Project 5: A Simple Shell

Build a small shell that runs programs, supports pipes, and handles I/O redirection.

Quick Reference

Attribute	Value
Difficulty	Advanced
Time Estimate	2-4 weeks
Language	C (Alternatives: Rust, Go)
Prerequisites	fork/exec/wait, file descriptors, parsing
Key Topics	Process control, pipes, redirection, parsing

1. Learning Objectives

By completing this project, you will:

Parse a command line into tokens and pipelines.
Implement fork/exec/wait for external commands.
Build pipe chains with pipe() and dup2().
Implement redirection with > and <.
Add minimal built-ins like cd and exit.

2. Theoretical Foundation

2.1 Core Concepts

Process creation: fork() creates a new process; exec() replaces it.
Pipes: A pipe is a pair of file descriptors; one writes, one reads.
Redirection: dup2() reassigns stdin/stdout to a file descriptor.
Built-ins: Commands like cd must run in the parent process.

2.2 Why This Matters

The shell is the orchestrator of Unix. Building one forces you to integrate parsing, process control, and I/O wiring into a single system.

2.3 Historical Context / Background

The Unix shell introduced the idea of process pipelines and scripting. Modern shells are advanced, but the core model is still fork/exec/pipe.

2.4 Common Misconceptions

“cd is just another command”: It must change the current process, not a child.
“Pipes are magic”: They are just file descriptors wired with dup2().

3. Project Specification

3.1 What You Will Build

A command-line shell my_shell that reads input, executes external commands, supports a single pipeline (A | B), and basic redirection (< and >). Include built-ins cd and exit.

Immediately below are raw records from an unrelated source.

lemma card_residue_class:
  fixes M K w :: nat
  assumes M: "M > 0"
  shows "card {z. z < M * K \<and> [z = w] (mod M)} = K"
proof -
  define w0 where "w0 = w mod M"
  have w0: "w0 < M" using M by (simp add: w0_def)
  have eq: "{z. z < M * K \<and> [z = w] (mod M)} = (\<lambda>t. w0 + M * t) ` {..<K}"
  proof (intro equalityI subsetI)
    fix z assume z: "z \<in> {z. z < M * K \<and> [z = w] (mod M)}"
    then have zm: "z mod M = w0" by (simp add: cong_def w0_def)
    have "z = w0 + M * (z div M)" using zm by (metis div_mult_mod_eq add.commute mult.commute)
    moreover have "z div M < K" using z M by (simp add: less_mult_imp_div_less mult.commute)
    ultimately show "z \<in> (\<lambda>t. w0 + M * t) ` {..<K}" by blast
  next
    fix z assume "z \<in> (\<lambda>t. w0 + M * t) ` {..<K}"
    then obtain t where t: "t < K" "z = w0 + M * t" by blast
    have "w0 + M * t < M + M * t" using w0 by simp
    also have "\<dots> = M * Suc t" by simp
    also have "\<dots> \<le> M * K" using t by (intro mult_le_mono2) simp
    finally have "z < M * K" using t by simp
    moreover have "[z = w] (mod M)" using t w0 by (simp add: cong_def w0_def)
    ultimately show "z \<in> {z. z < M * K \<and> [z = w] (mod M)}" by blast
  qed
  have "inj_on (\<lambda>t. w0 + M * t) {..<K}" using M by (auto simp: inj_on_def)
  then show ?thesis unfolding eq by (simp add: card_image)
qed

lemma layer_unit:
  fixes p n j z w z' w' N :: nat
  assumes p: "prime p" and NN: "N = p ^ n" and j: "j < n"
    and z: "z = p ^ j * z'" "coprime z' p" "z < N"
    and w: "w = p ^ j * w'" "coprime w' p"
  defines "m \<equiv> z' * w' ^ (totient N - 1)"
  shows "coprime m N" "(m * w) mod N = z"
    "\<And>b. j + b \<le> n \<Longrightarrow> [z = w] (mod p ^ (j + b)) \<Longrightarrow> [m = 1] (mod p ^ b)"
proof -
  have n0: "n > 0" using j by simp
  have N1: "N > 1" using NN one_less_power[OF prime_gt_1_nat[OF p] n0] by simp
  show cm: "coprime m N" unfolding m_def NN using z w by simp
  have cw: "coprime w' N" using w NN by simp
  have tot: "totient N > 0" using N1 by simp
  have wT: "w' ^ (totient N - 1) * w' = w' ^ totient N" using tot by (metis Suc_diff_1 power_Suc2)
  have e: "[w' ^ totient N = 1] (mod N)" using euler_theorem[OF cw] .
  have "m * w = p ^ j * z' * (w' ^ (totient N - 1) * w')" unfolding m_def w by (simp add: ac_simps)
  also have "\<dots> = z * w' ^ totient N" using z wT by simp
  finally have mw: "m * w = z * w' ^ totient N" .
  have "[z * w' ^ totient N = z * 1] (mod N)" by (rule cong_scalar_left[OF e])
  then show "(m * w) mod N = z" using mw z by (simp add: cong_def)
  fix b assume b: "j + b \<le> n" and c: "[z = w] (mod p ^ (j + b))"
  have "[z' = w'] (mod p ^ b)" using cong_cancel_pow[OF p, of j z' w' b] c z w by simp
  then have "[m = w' * w' ^ (totient N - 1)] (mod p ^ b)" unfolding m_def by (rule cong_scalar_right)
  moreover have "[w' * w' ^ (totient N - 1) = 1] (mod p ^ b)"
  proof -
    have "p ^ b dvd N" unfolding NN using b by (intro le_imp_power_dvd) simp
    then show ?thesis using e wT by (metis cong_dvd_modulus_nat mult.commute)
  qed
  ultimately show "[m = 1] (mod p ^ b)" by (rule cong_trans)
qed
lemma Lp_interp_error_le:
  assumes p: "p \<ge> 1"
  shows "(LINT t:{0<..<1}|lborel. \<bar>u t - uI t\<bar> powr real p) \<le> (u''_sup_norm * mesh\<^sup>2 / 8) ^ p"
proof -
  have "(LINT t:{0<..<1}|lborel. \<bar>u t - uI t\<bar> powr real p) = (LINT t:{0<..<1}|lborel. \<bar>u t - uI t\<bar> ^ p)"
    using p by (intro set_lebesgue_integral_cong) (auto simp: abs_powr_of_nat)
  also have "\<dots> \<le> (LINT t:{0<..<(1::real)}|lborel. (u''_sup_norm * mesh\<^sup>2 / 8) ^ p)"
  proof (rule set_integral_mono)
    show "set_integrable lborel {0<..<1} (\<lambda>t. \<bar>u t - uI t\<bar> ^ p)"
      by (intro set_integrable_01_if_continuous_on continuous_intros u_cont uI_cont)
    show "set_integrable lborel {0<..<(1::real)} (\<lambda>t. (u''_sup_norm * mesh\<^sup>2 / 8) ^ p)"
      by (intro set_integrable_01_if_continuous_on continuous_intros)
  qed (use abs_interp_error_le in \<open>auto intro!: power_mono\<close>)
  also have "\<dots> = (u''_sup_norm * mesh\<^sup>2 / 8) ^ p"
    using set_integral_01_eq_integral(2)[OF set_integrable_01_if_continuous_on[of "\<lambda>_. (u''_sup_norm * mesh\<^sup>2 / 8) ^ p"]]
    by simp
  finally show ?thesis .
qed
definition vle :: "nat \<Rightarrow> real vec \<Rightarrow> real vec \<Rightarrow> bool" where
  "vle N u v \<longleftrightarrow> (\<forall>i<N. u $ i \<le> v $ i)"

definition vpos :: "nat \<Rightarrow> real vec \<Rightarrow> bool" where
  "vpos N u \<longleftrightarrow> dim_vec u = N \<and> (\<forall>i<N. 0 < u $ i)"

definition A_mat :: "nat \<Rightarrow> (nat \<Rightarrow> real) \<Rightarrow> real mat \<Rightarrow> real \<Rightarrow> real mat" where
  "A_mat N d J l = mat N N (\<lambda>(i,j). (if i = j then d i * l\<^sup>2 else 0) + J $$ (i,j))"

definition Psi :: "real mat \<Rightarrow> real" where
  "Psi A = (let n = dim_row A;
               \<alpha> = (SOME \<alpha>::real. \<forall>i<n. \<forall>j<n. 0 \<le> (A + \<alpha> \<cdot>\<^sub>m 1\<^sub>m n) $$ (i,j))
            in spectral_radius (map_mat complex_of_real (A + \<alpha> \<cdot>\<^sub>m 1\<^sub>m n)) - \<alpha>)"

definition diag_block :: "real mat \<Rightarrow> nat \<Rightarrow> nat \<Rightarrow> real mat" where
  "diag_block A lo hi = mat (hi - lo) (hi - lo) (\<lambda>(i,j). A $$ (lo + i, lo + j))"

definition irreducible_mat :: "real mat \<Rightarrow> bool" where
  "irreducible_mat A \<longleftrightarrow> (let n = dim_row A in
     \<not> (\<exists>S. S \<noteq> {} \<and> S \<subset> {..<n} \<and> (\<forall>i\<in>S. \<forall>j\<in>{..<n} - S. A $$ (i,j) = 0)))"

definition block_lower_tri :: "real mat \<Rightarrow> nat \<Rightarrow> (nat \<Rightarrow> nat) \<Rightarrow> bool" where
  "block_lower_tri A m b \<longleftrightarrow>
     (\<forall>k<m. \<forall>l<m. k < l \<longrightarrow> (\<forall>i j. b k \<le> i \<and> i < b (Suc k) \<and> b l \<le> j \<and> j < b (Suc l)
        \<longrightarrow> A $$ (i,j) = 0))"

definition Phi :: "nat \<Rightarrow> (nat \<Rightarrow> real) \<Rightarrow> real mat \<Rightarrow> real \<Rightarrow> real" where
  "Phi N d J l = Psi (A_mat N d J l) / l"

definition c_star :: "nat \<Rightarrow> (nat \<Rightarrow> real) \<Rightarrow> real mat \<Rightarrow> real" where
  "c_star N d J = (INF l\<in>{0<..}. Phi N d J l)"

definition M_fun :: "nat \<Rightarrow> (nat \<Rightarrow> real) \<Rightarrow> real mat \<Rightarrow> (real \<Rightarrow> real vec) \<Rightarrow> real \<Rightarrow> nat \<Rightarrow> real \<Rightarrow> real" where
  "M_fun N d J \<nu> \<beta> i l = \<beta> * (\<nu> l $ i) - (\<nu> l $ i) * d i * l\<^sup>2
      + (\<Sum>j<N. (\<nu> l $ j) * (A_mat N d J l $$ (i,j)))"

definition lam1 :: "(nat \<Rightarrow> real) \<Rightarrow> real \<Rightarrow> real \<Rightarrow> nat \<Rightarrow> real" where
  "lam1 d \<beta> c i = (- c + sqrt (c\<^sup>2 + 4 * \<beta> * d i)) / (2 * d i)"

definition lam2 :: "(nat \<Rightarrow> real) \<Rightarrow> real \<Rightarrow> real \<Rightarrow> nat \<Rightarrow> real" where
  "lam2 d \<beta> c i = (c + sqrt (c\<^sup>2 + 4 * \<beta> * d i)) / (2 * d i)"

end

theory Submission
  imports Defs
begin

3.2 Functional Requirements

Execute simple commands with arguments.
Support | to connect two commands.
Support < and > for input and output redirection.
Handle cd and exit as built-ins.

3.3 Non-Functional Requirements

Reliability: Close unused pipe ends to avoid deadlocks.
Usability: Provide a basic prompt and handle empty input.
Correctness: Return proper exit codes from child processes.

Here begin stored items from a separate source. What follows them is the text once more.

(* Let $X$ and $\Lambda$ be nonempty sets, $f: X\to\mathbb{R}$ a function and $(f_\lambda)_{\lambda\in\Lambda}$ a family of real-valued functions on $X$ such that the family $(f_\lambda-f)_{\lambda\in\Lambda}$ is infsup-convex on $X$. Assume that $(f_\lambda(x))_{\lambda\in\Lambda}\in\ell^\infty(\Lambda)$ for every $x\in X$, and that $f(x)\le\sup_{\lambda\in\Lambda}f_\lambda(x)$ for every $x\in X$. Then there exists $\Phi\in\Delta_\Lambda$ such that $f(x)\le\Phi((f_\lambda(x))_{\lambda\in\Lambda})$ for every $x\in X$.
   Context: For a nonempty set $\Lambda$, $\ell^\infty(\Lambda)$ is the real Banach space of bounded real-valued functions on $\Lambda$ (sup-norm), $\ell^\infty(\Lambda)^*$ its topological dual, and $\Delta_\Lambda:=\{\Phi\in\ell^\infty(\Lambda)^*:\ \Phi(\varphi)\le\sup_{\lambda\in\Lambda}\varphi(\lambda)\ \forall\varphi\in\ell^\infty(\Lambda)\}$. Let $\Delta_m:=\{(t_1,\dots,t_m)\in\mathbb{R}^m: t_j\ge0,\ \sum_j t_j=1\}$. A family $(g_\lambda)_{\lambda\in\Lambda}$ of real-valued functions on a nonempty set $X$ is infsup-convex on $X$ if for all $m\ge1$, $\mathbf{t}\in\Delta_m$ and $x_1,\dots,x_m\in X$: $\inf_{x\in X}\sup_{\lambda\in\Lambda}g_\lambda(x)\le\sup_{\lambda\in\Lambda}\sum_{j=1}^m t_j g_\lambda(x_j)$. *)

theory Defs
  imports "HOL-Analysis.Analysis"
begin

text \<open>The nonempty sets X and Lambda are modelled by the (nonempty) types 'x and 'l.\<close>

definition linf :: "('l \<Rightarrow> real) set" where
  "linf = {\<phi>. bounded (range \<phi>)}"

text \<open>Topological dual of ell-infinity: linear functionals on linf that are bounded
  w.r.t. the sup-norm (only their values on linf matter).\<close>
definition linf_dual :: "(('l \<Rightarrow> real) \<Rightarrow> real) set" where
  "linf_dual = {\<Phi>.
     (\<forall>\<phi>\<in>linf. \<forall>\<psi>\<in>linf. \<forall>a b. \<Phi> (\<lambda>l. a * \<phi> l + b * \<psi> l) = a * \<Phi> \<phi> + b * \<Phi> \<psi>) \<and>
     (\<exists>C. \<forall>\<phi>\<in>linf. \<bar>\<Phi> \<phi>\<bar> \<le> C * (SUP l. \<bar>\<phi> l\<bar>))}"

definition Delta_L :: "(('l \<Rightarrow> real) \<Rightarrow> real) set" where
  "Delta_L = {\<Phi>\<in>linf_dual. \<forall>\<phi>\<in>linf. \<Phi> \<phi> \<le> (SUP l. \<phi> l)}"

definition std_simplex :: "nat \<Rightarrow> (nat \<Rightarrow> real) set" where
  "std_simplex m = {t. (\<forall>j<m. 0 \<le> t j) \<and> (\<Sum>j<m. t j) = 1}"

text \<open>Infsup-convexity of a family g (g l x = g_lambda(x)); inf/sup taken in the
  extended reals so that infinite values are handled as in the paper.\<close>
definition infsup_convex :: "('l \<Rightarrow> 'x \<Rightarrow> real) \<Rightarrow> bool" where
  "infsup_convex g \<longleftrightarrow>
     (\<forall>m\<ge>1. \<forall>t\<in>std_simplex m. \<forall>xs :: nat \<Rightarrow> 'x.
        (INF x. SUP l. ereal (g l x)) \<le> (SUP l. ereal (\<Sum>j<m. t j * g l (xs j))))"

end

theory Submission
  imports Defs
begin

text \<open>
  Put g x = F(\<cdot>, x) - f x and let K be the convex cone generated by the functions g x.
  Infsup-convexity together with sup g x \<ge> 0 gives sup k \<ge> 0 for every k \<in> K, and this makes
  P \<phi> = inf {sup (\<phi> + k) | k \<in> K} a sublinear functional on bounded functions with P \<le> sup.
  By the Hahn--Banach theorem, in the form "a minimal sublinear functional below P, which exists
  by Zorn's lemma, is linear", some linear \<Phi> satisfies \<Phi> \<le> P \<le> sup, so \<Phi> \<in> Delta_L. Finally
  -\<Phi> (g x) = \<Phi> (-g x) \<le> P (-g x) \<le> sup (-g x + g x) = 0, that is f x \<le> \<Phi> (F(\<cdot>, x)).
\<close>

lemma cINF_add_greatest:
  fixes f g :: "'a \<Rightarrow> real"
  assumes "A \<noteq> {}" "B \<noteq> {}" "\<And>a b. a \<in> A \<Longrightarrow> b \<in> B \<Longrightarrow> c \<le> f a + g b"
  shows "c \<le> (INF a\<in>A. f a) + (INF b\<in>B. g b)"
proof -
  have "c - g b \<le> (INF a\<in>A. f a)" if "b \<in> B" for b
    using assms that by (intro cINF_greatest) (auto simp: algebra_simps)
  then have "c - (INF a\<in>A. f a) \<le> (INF b\<in>B. g b)"
    using assms(2) by (intro cINF_greatest) (auto simp: algebra_simps)
  then show ?thesis by simp
qed

lemma cINF_mult_pos:
  fixes f :: "'a \<Rightarrow> real"
  assumes "0 < c" "A \<noteq> {}" "bdd_below (f ` A)"
  shows "(INF a\<in>A. c * f a) = c * (INF a\<in>A. f a)"
proof (rule antisym)
  obtain M where "\<And>a. a \<in> A \<Longrightarrow> M \<le> f a" using assms(3) by (auto simp: bdd_below_def)
  then have "bdd_below ((\<lambda>a. c * f a) ` A)"
    using assms(1) by (intro bdd_belowI2[where m="c * M"]) simp
  then have "(INF a\<in>A. c * f a) / c \<le> f a" if "a \<in> A" for a
    using assms(1) cINF_lower[OF _ that] by (simp add: divide_le_eq mult.commute)
  then have "(INF a\<in>A. c * f a) / c \<le> (INF a\<in>A. f a)"
    using assms(2) by (intro cINF_greatest)
  then show "(INF a\<in>A. c * f a) \<le> c * (INF a\<in>A. f a)"
    using assms(1) by (simp add: divide_le_eq mult.commute)
next
  show "c * (INF a\<in>A. f a) \<le> (INF a\<in>A. c * f a)"
    using assms by (intro cINF_greatest) (auto intro: cINF_lower)
qed

lemma cSUP_mult_pos:
  fixes f :: "'a \<Rightarrow> real"
  assumes "0 < c" "A \<noteq> {}" "bdd_above (f ` A)"
  shows "(SUP a\<in>A. c * f a) = c * (SUP a\<in>A. f a)"
proof (rule antisym)
  show "(SUP a\<in>A. c * f a) \<le> c * (SUP a\<in>A. f a)"
    using assms by (intro cSUP_least) (auto intro: cSUP_upper)
next
  obtain M where "\<And>a. a \<in> A \<Longrightarrow> f a \<le> M" using assms(3) by (auto simp: bdd_above_def)
  then have "bdd_above ((\<lambda>a. c * f a) ` A)"
    using assms(1) by (intro bdd_aboveI2[where M="c * M"]) simp
  then have "f a \<le> (SUP a\<in>A. c * f a) / c" if "a \<in> A" for a
    using assms(1) cSUP_upper[OF that] by (simp add: le_divide_eq mult.commute)
  then have "(SUP a\<in>A. f a) \<le> (SUP a\<in>A. c * f a) / c"
    using assms(2) by (intro cSUP_least)
  then show "c * (SUP a\<in>A. f a) \<le> (SUP a\<in>A. c * f a)"
    using assms(1) by (simp add: le_divide_eq mult.commute)
qed

locale function_subspace =
  fixes V :: "('i \<Rightarrow> real) set"
  assumes zero_mem: "(\<lambda>i. 0) \<in> V"
    and add_mem: "\<phi> \<in> V \<Longrightarrow> \<psi> \<in> V \<Longrightarrow> (\<lambda>i. \<phi> i + \<psi> i) \<in> V"
    and scale_mem: "\<phi> \<in> V \<Longrightarrow> (\<lambda>i. c * \<phi> i) \<in> V"
begin

lemma neg_mem: "\<phi> \<in> V \<Longrightarrow> (\<lambda>i. - \<phi> i) \<in> V"
  using scale_mem[of \<phi> "-1"] by simp

definition sublinear :: "(('i \<Rightarrow> real) \<Rightarrow> real) \<Rightarrow> bool" where
  "sublinear q \<longleftrightarrow> (\<forall>\<phi>\<in>V. \<forall>\<psi>\<in>V. q (\<lambda>i. \<phi> i + \<psi> i) \<le> q \<phi> + q \<psi>) \<and>
     (\<forall>\<phi>\<in>V. \<forall>c>0. q (\<lambda>i. c * \<phi> i) = c * q \<phi>)"

definition linear_functional :: "(('i \<Rightarrow> real) \<Rightarrow> real) \<Rightarrow> bool" where
  "linear_functional \<Phi> \<longleftrightarrow>
     (\<forall>\<phi>\<in>V. \<forall>\<psi>\<in>V. \<forall>a b. \<Phi> (\<lambda>i. a * \<phi> i + b * \<psi> i) = a * \<Phi> \<phi> + b * \<Phi> \<psi>)"

lemma linear_functional_add:
  assumes "linear_functional \<Phi>" "\<phi> \<in> V" "\<psi> \<in> V"
  shows "\<Phi> (\<lambda>i. \<phi> i + \<psi> i) = \<Phi> \<phi> + \<Phi> \<psi>"
  using assms(1)[unfolded linear_functional_def, rule_format, OF assms(2,3), of 1 1] by simp

lemma linear_functional_scale:
  assumes "linear_functional \<Phi>" "\<phi> \<in> V"
  shows "\<Phi> (\<lambda>i. c * \<phi> i) = c * \<Phi> \<phi>"
  using assms(1)[unfolded linear_functional_def, rule_format, OF assms(2,2), of c 0] by simp

lemma sublinear_add: "sublinear q \<Longrightarrow> \<phi> \<in> V \<Longrightarrow> \<psi> \<in> V \<Longrightarrow> q (\<lambda>i. \<phi> i + \<psi> i) \<le> q \<phi> + q \<psi>"
  unfolding sublinear_def by blast

lemma sublinear_pos_hom: "sublinear q \<Longrightarrow> \<phi> \<in> V \<Longrightarrow> 0 < c \<Longrightarrow> q (\<lambda>i. c * \<phi> i) = c * q \<phi>"
  unfolding sublinear_def by blast

lemma sublinear_zero:
  assumes "sublinear q" shows "q (\<lambda>i. 0) = 0"
  using sublinear_pos_hom[OF assms zero_mem, of 2] by simp

lemma sublinear_nonneg_hom: "sublinear q \<Longrightarrow> \<phi> \<in> V \<Longrightarrow> 0 \<le> c \<Longrightarrow> q (\<lambda>i. c * \<phi> i) = c * q \<phi>"
  by (cases "c = 0") (simp_all add: sublinear_zero sublinear_pos_hom)

lemma sublinear_neg_le:
  assumes "sublinear q" "\<phi> \<in> V" shows "- q (\<lambda>i. - \<phi> i) \<le> q \<phi>"
  using sublinear_add[OF assms neg_mem[OF assms(2)]] sublinear_zero[OF assms(1)] by simp

lemma sublinear_cong:
  assumes "sublinear q" "\<And>\<phi>. \<phi> \<in> V \<Longrightarrow> q' \<phi> = q \<phi>" shows "sublinear q'"
  using assms unfolding sublinear_def by (simp add: add_mem scale_mem)

lemma odd_sublinear_imp_linear:
  assumes q: "sublinear q" and odd: "\<And>\<phi>. \<phi> \<in> V \<Longrightarrow> q (\<lambda>i. - \<phi> i) = - q \<phi>"
  shows "linear_functional q"
proof -
  have add: "q (\<lambda>i. \<phi> i + \<psi> i) = q \<phi> + q \<psi>" if "\<phi> \<in> V" "\<psi> \<in> V" for \<phi> \<psi>
    using sublinear_add[OF q that] sublinear_add[OF q add_mem[OF that] neg_mem[OF that(2)]]
      odd[OF that(2)] by simp
  have hom: "q (\<lambda>i. c * \<phi> i) = c * q \<phi>" if "\<phi> \<in> V" for \<phi> c
  proof (cases "0 \<le> c")
    case False
    then have "q (\<lambda>i. - ((- c) * \<phi> i)) = c * q \<phi>"
      using odd[OF scale_mem[OF that]] sublinear_nonneg_hom[OF q that, of "- c"] by simp
    then show ?thesis by simp
  qed (use sublinear_nonneg_hom[OF q that] in simp)
  show ?thesis
    unfolding linear_functional_def by (simp add: add hom scale_mem)
qed

lemma bdd_below_dominated:
  assumes "\<forall>q\<in>D. sublinear q" "\<forall>q\<in>D. \<forall>\<phi>\<in>V. q \<phi> \<le> p \<phi>" "\<phi> \<in> V"
  shows "bdd_below ((\<lambda>q. q \<phi>) ` D)"
proof (rule bdd_belowI2)
  fix q assume "q \<in> D"
  then show "- p (\<lambda>i. - \<phi> i) \<le> q \<phi>"
    using assms sublinear_neg_le[of q \<phi>] neg_mem[of \<phi>] by fastforce
qed

lemma sublinear_INF_chain:
  assumes ne: "D \<noteq> {}" and sub: "\<forall>q\<in>D. sublinear q" and dom: "\<forall>q\<in>D. \<forall>\<phi>\<in>V. q \<phi> \<le> p \<phi>"
    and chain: "\<And>q1 q2. q1 \<in> D \<Longrightarrow> q2 \<in> D \<Longrightarrow> (\<forall>\<phi>\<in>V. q1 \<phi> \<le> q2 \<phi>) \<or> (\<forall>\<phi>\<in>V. q2 \<phi> \<le> q1 \<phi>)"
  shows "sublinear (\<lambda>\<phi>. INF q\<in>D. q \<phi>)"
  unfolding sublinear_def
proof (intro conjI ballI allI impI)
  note bdd = bdd_below_dominated[OF sub dom]
  fix \<phi> \<psi> assume \<phi>: "\<phi> \<in> V" and \<psi>: "\<psi> \<in> V"
  have "(INF q\<in>D. q (\<lambda>i. \<phi> i + \<psi> i)) \<le> q1 \<phi> + q2 \<psi>" if q12: "q1 \<in> D" "q2 \<in> D" for q1 q2
  proof -
    \<comment> \<open>the smaller of two comparable functionals witnesses the bound\<close>
    obtain q where "q \<in> D" "q \<phi> \<le> q1 \<phi>" "q \<psi> \<le> q2 \<psi>"
      using chain[OF q12] q12 \<phi> \<psi> by blast
    then show ?thesis
      using cINF_lower[OF bdd[OF add_mem[OF \<phi> \<psi>]]] sublinear_add[of q \<phi> \<psi>] sub \<phi> \<psi>
      by (meson add_mono order_trans)
  qed
  then show "(INF q\<in>D. q (\<lambda>i. \<phi> i + \<psi> i)) \<le> (INF q\<in>D. q \<phi>) + (INF q\<in>D. q \<psi>)"
    by (rule cINF_add_greatest[OF ne ne])
next
  fix \<phi> and c :: real assume \<phi>: "\<phi> \<in> V" and c: "0 < c"
  have "(INF q\<in>D. q (\<lambda>i. c * \<phi> i)) = (INF q\<in>D. c * q \<phi>)"
    using sub sublinear_pos_hom[OF _ \<phi> c] by (intro INF_cong) auto
  also have "\<dots> = c * (INF q\<in>D. q \<phi>)"
    using c ne bdd_below_dominated[OF sub dom \<phi>] by (rule cINF_mult_pos)
  finally show "(INF q\<in>D. q (\<lambda>i. c * \<phi> i)) = c * (INF q\<in>D. q \<phi>)" .
qed

definition directional_inf :: "(('i \<Rightarrow> real) \<Rightarrow> real) \<Rightarrow> ('i \<Rightarrow> real) \<Rightarrow> ('i \<Rightarrow> real) \<Rightarrow> real" where
  "directional_inf q y x = (INF t\<in>{0..}. q (\<lambda>i. x i + t * y i) - t * q y)"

3.4 Example Usage / Output

$ ./my_shell
> ls -l | grep .c > output.txt
> cat output.txt
-rw-r--r-- 1 user user 5000 my_wc.c
-rw-r--r-- 1 user user 3500 my_ls.c
> exit

3.5 Real World Outcome

When you run ./my_shell, you see a prompt. You can type ls | grep .md and the output is filtered through your pipeline. If you type echo "hello" > out.txt, a new file appears, and cat out.txt shows the text. This is a working mini-shell that behaves like a simplified bash.

4. Solution Architecture

4.1 High-Level Design

read line -> tokenize -> parse pipeline/redirection -> fork/exec -> wait

4.2 Key Components

Component	Responsibility	Key Decisions
Tokenizer	Split input into tokens	Whitespace-based, handle quotes later
Parser	Identify pipes and redirection	Support one pipe initially
Executor	Fork and exec commands	Use `execvp`
Built-ins	`cd`, `exit`	Run in parent

4.3 Data Structures

typedef struct {
    char *argv[64];
    char *input_file;
    char *output_file;
} Command;

4.4 Algorithm Overview

Key Algorithm: Two-command pipeline

Parse A | B into two Command structs.
Create a pipe.
Fork child 1 for A, redirect stdout to pipe write end.
Fork child 2 for B, redirect stdin to pipe read end.
Close pipe ends in parent, wait for both.

Complexity Analysis:

Time: O(n) for parsing, O(1) processes per command
Space: O(n) for tokens

5. Implementation Guide

5.1 Development Environment Setup

cc -Wall -Wextra -O2 -o my_shell my_shell.c

5.2 Project Structure

my_shell/
├── src/
│   └── my_shell.c
├── tests/
│   └── test_shell.sh
├── Makefile
└── README.md

5.3 The Core Question You’re Answering

“How does a shell connect independent programs into a single pipeline?”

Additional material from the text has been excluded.